You are getting error messages for the New Relic Kubernetes integration in your New Relic Infrastructure logs.
Below are some solutions to the most common Kubernetes integration errors. These errors will show up in the standard (non-verbose) Infrastructure agent logs. If you need more detailed logs (for example, when working with New Relic support), see Kubernetes logging.
- Invalid New Relic license
If the license you are using is invalid then you will see an error like this in the logs:
2018-04-09T14:20:17.750893186Z time="2018-04-09T14:20:17Z" level=error msg="metric sender can't process 0 times" error="InventoryIngest: events were not accepted: 401 401 Unauthorized Invalid license key."
To resolve this problem make sure you specify a valid license key. The key should be surrounded with quotes and no leading or trailing spaces. Example:
- name: "NRIA_LICENSE_KEY" value: "1234567890abcdefghijklmnopqrstuvwxyz1234"
- Error sending events
If the agent is not able to connect to New Relic servers you will see an error like the following in the logs:
2018-04-09T18:16:35.497195185Z time="2018-04-09T18:16:35Z" level=error msg="metric sender can't process 1 times" error="Error sending events: Post https://staging-infra-api.newrelic.com/metrics/events/bulk: net/http: request canceled (Client.Timeout exceeded while awaiting headers)"
Depending on the exact nature of the error the message in the logs may differ.
To address this problem, see the New Relic networks documentation.

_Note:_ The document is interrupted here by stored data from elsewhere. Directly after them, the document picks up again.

(* Let $n \geq 2$, let $P_n$ be the path with $n$ vertices, and let $B_n$ be the barbell graph consisting of two disjoint cliques of sizes $\lceil n/2\rceil$ and $\lfloor n/2\rfloor$ connected by a single edge. Then $\mathcal{AC}(P_n) = \mathcal{AC}(B_n) = n-2$.
   Context: Acquaintance time: Let $G=(V,E)$ be a finite connected graph. Initially one agent is placed on each vertex. At any moment, two agents located at the endpoints of a common edge become acquainted (in particular, agents on adjacent vertices at the start are acquainted). In each round one chooses a matching of $G$ (not necessarily maximal), and for every edge of the matching the two agents on its endpoints swap places; after each round, all pairs of agents on adjacent vertices become acquainted. A sequence of matchings after which every pair of agents has been acquainted is a strategy for acquaintance in $G$. The acquaintance time $\mathcal{AC}(G)$ is the minimal number of rounds in a strategy for acquaintance in $G$. *)

theory Defs
  imports Main
begin

text \<open>A graph is given by a finite vertex set V and a symmetric irreflexive
  adjacency relation E. Agents are identified with their initial vertices.
  A matching is encoded as the involution m on V that swaps the two endpoints
  of every matching edge and fixes unmatched vertices.\<close>

definition is_matching_perm :: "'a set \<Rightarrow> ('a \<Rightarrow> 'a \<Rightarrow> bool) \<Rightarrow> ('a \<Rightarrow> 'a) \<Rightarrow> bool" where
  "is_matching_perm V E m \<longleftrightarrow>
     (\<forall>v\<in>V. m v \<in> V \<and> m (m v) = v \<and> (m v = v \<or> E v (m v))) \<and>
     (\<forall>v. v \<notin> V \<longrightarrow> m v = v)"

text \<open>pos ms k v = the agent located at vertex v after k rounds.\<close>
fun pos :: "(nat \<Rightarrow> 'a \<Rightarrow> 'a) \<Rightarrow> nat \<Rightarrow> 'a \<Rightarrow> 'a" where
  "pos ms 0 = id"
| "pos ms (Suc k) = pos ms k \<circ> ms k"

definition is_acq_strategy :: "'a set \<Rightarrow> ('a \<Rightarrow> 'a \<Rightarrow> bool) \<Rightarrow> (nat \<Rightarrow> 'a \<Rightarrow> 'a) \<Rightarrow> nat \<Rightarrow> bool" where
  "is_acq_strategy V E ms t \<longleftrightarrow>
     (\<forall>k<t. is_matching_perm V E (ms k)) \<and>
     (\<forall>a\<in>V. \<forall>b\<in>V. a \<noteq> b \<longrightarrow>
        (\<exists>k\<le>t. \<exists>u\<in>V. \<exists>v\<in>V. E u v \<and> pos ms k u = a \<and> pos ms k v = b))"

definition acquaintance_time :: "'a set \<Rightarrow> ('a \<Rightarrow> 'a \<Rightarrow> bool) \<Rightarrow> nat" where
  "acquaintance_time V E = (LEAST t. \<exists>ms. is_acq_strategy V E ms t)"

definition path_adj :: "nat \<Rightarrow> nat \<Rightarrow> nat \<Rightarrow> bool" where
  "path_adj n u v \<longleftrightarrow> u < n \<and> v < n \<and> (u + 1 = v \<or> v + 1 = u)"

definition barbell_adj :: "nat \<Rightarrow> nat \<Rightarrow> nat \<Rightarrow> bool" where
  "barbell_adj n u v \<longleftrightarrow> u < n \<and> v < n \<and> u \<noteq> v \<and>
     (let c = (n + 1) div 2 in
       (u < c \<and> v < c) \<or> (c \<le> u \<and> c \<le> v) \<or>
       (u = c - 1 \<and> v = c) \<or> (u = c \<and> v = c - 1))"

end

theory Submission
  imports Defs
begin

text \<open>Upper bound: under odd-even transposition on the path, agents starting on even
  vertices sweep right and those on odd vertices sweep left, each reflected at the end, so
  any two agents are adjacent within \<open>n - 2\<close> rounds. The path is a spanning subgraph of
  the barbell, so the same strategy works there.

  Lower bound: let the cliques \<open>L\<close> and \<open>R\<close> of the barbell be joined by the bridge
  \<open>l r\<close>. An agent of \<open>L\<close> that ever enters \<open>R\<close> first does so across the bridge, sitting
  on \<open>l\<close> and then on \<open>r\<close> at two consecutive times; an agent that never leaves \<open>L\<close> can
  meet one that never leaves \<open>R\<close> only across the bridge. All these times are distinct, so
  counting them in \<open>{0..t}\<close> gives \<open>2 \<alpha> + p q \<le> t + 1\<close>, where \<open>\<alpha>\<close> agents of \<open>L\<close>
  cross and \<open>p\<close>, \<open>q\<close> agents stay on the two sides. With the symmetric bound, and \<open>L\<close>
  and \<open>R\<close> of nearly equal size, this forces \<open>n \<le> t + 2\<close>.\<close>

lemma is_matching_perm_bij_betw:
  "is_matching_perm V E m \<Longrightarrow> bij_betw m V V"
  unfolding is_matching_perm_def by (intro bij_betw_byWitness[where f' = m]) auto

lemma is_acq_strategy_pos_bij_betw:
  assumes "is_acq_strategy V E ms t" "k \<le> t"
  shows "bij_betw (pos ms k) V V"
  using assms(2)
proof (induction k)
  case 0
  show ?case by (simp add: bij_betw_def)
next
  case (Suc k)
  have "is_matching_perm V E (ms k)"
    using assms(1) Suc.prems unfolding is_acq_strategy_def by simp
  then have "bij_betw (ms k) V V" by (rule is_matching_perm_bij_betw)
  moreover have "bij_betw (pos ms k) V V" using Suc by simp
  ultimately show ?case by (simp only: pos.simps bij_betw_trans)
qed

- Failed to discover kube-state-metrics
The Kubernetes integration requires kube-state-metrics. If that is not found, you will see an error like the following in the newrelic-infra container logs:
2018-04-11T08:02:41.765236022Z time="2018-04-11T08:02:41Z" level=error msg="executing data source" data prefix="integration/com.newrelic.kubernetes" error="exit status 1" plugin name=nri-kubernetes stderr="time=\"2018-04-11T08:02:41Z\" level=fatal msg=\"failed to discover kube-state-metrics endpoint, got error: no service found by label k8s-app=kube-state-metrics\"\n"
Common reasons for this error include:
- kube-state-metrics has not been deployed into the cluster.
- kube-state-metrics is deployed using a custom deployment.
- There are multiple versions of kube-state-metrics running and the Kubernetes integration is not finding the correct one.
The Kubernetes integration automatically discovers kube-state-metrics in your cluster using this logic:
- It looks for a kube-state-metrics service running on the kube-system namespace.
- If that is not found, it looks for a service tagged with label
The integration also requires the kube-state-metrics pod to have the label
app: kube-state-metrics. If neither of those are found, there will be a log entry like the following:
2018-04-11T09:25:00.825532798Z time="2018-04-11T09:25:00Z" level=error msg="executing data source" data prefix="integration/com.newrelic.kubernetes" error="exit status 1" plugin name=nri-kubernetes stderr="time=\"2018-04-11T09:25:00Z\" level=fatal msg=\"failed to discover nodeIP with kube-state-metrics, got error: no pod found by label k8s-app=kube-state-metrics\"\n
To solve this issue, add the
k8s-app=kube-state-metricslabel to the kube-state-metrics pod.
- Missing metrics for Namespaces, Deployments, and ReplicaSets
If metrics for Kubernetes nodes, pods, and containers are showing but metrics for namespaces, deployments and replica sets are missing, the Kubernetes integration is not able to connect to kube-state-metrics.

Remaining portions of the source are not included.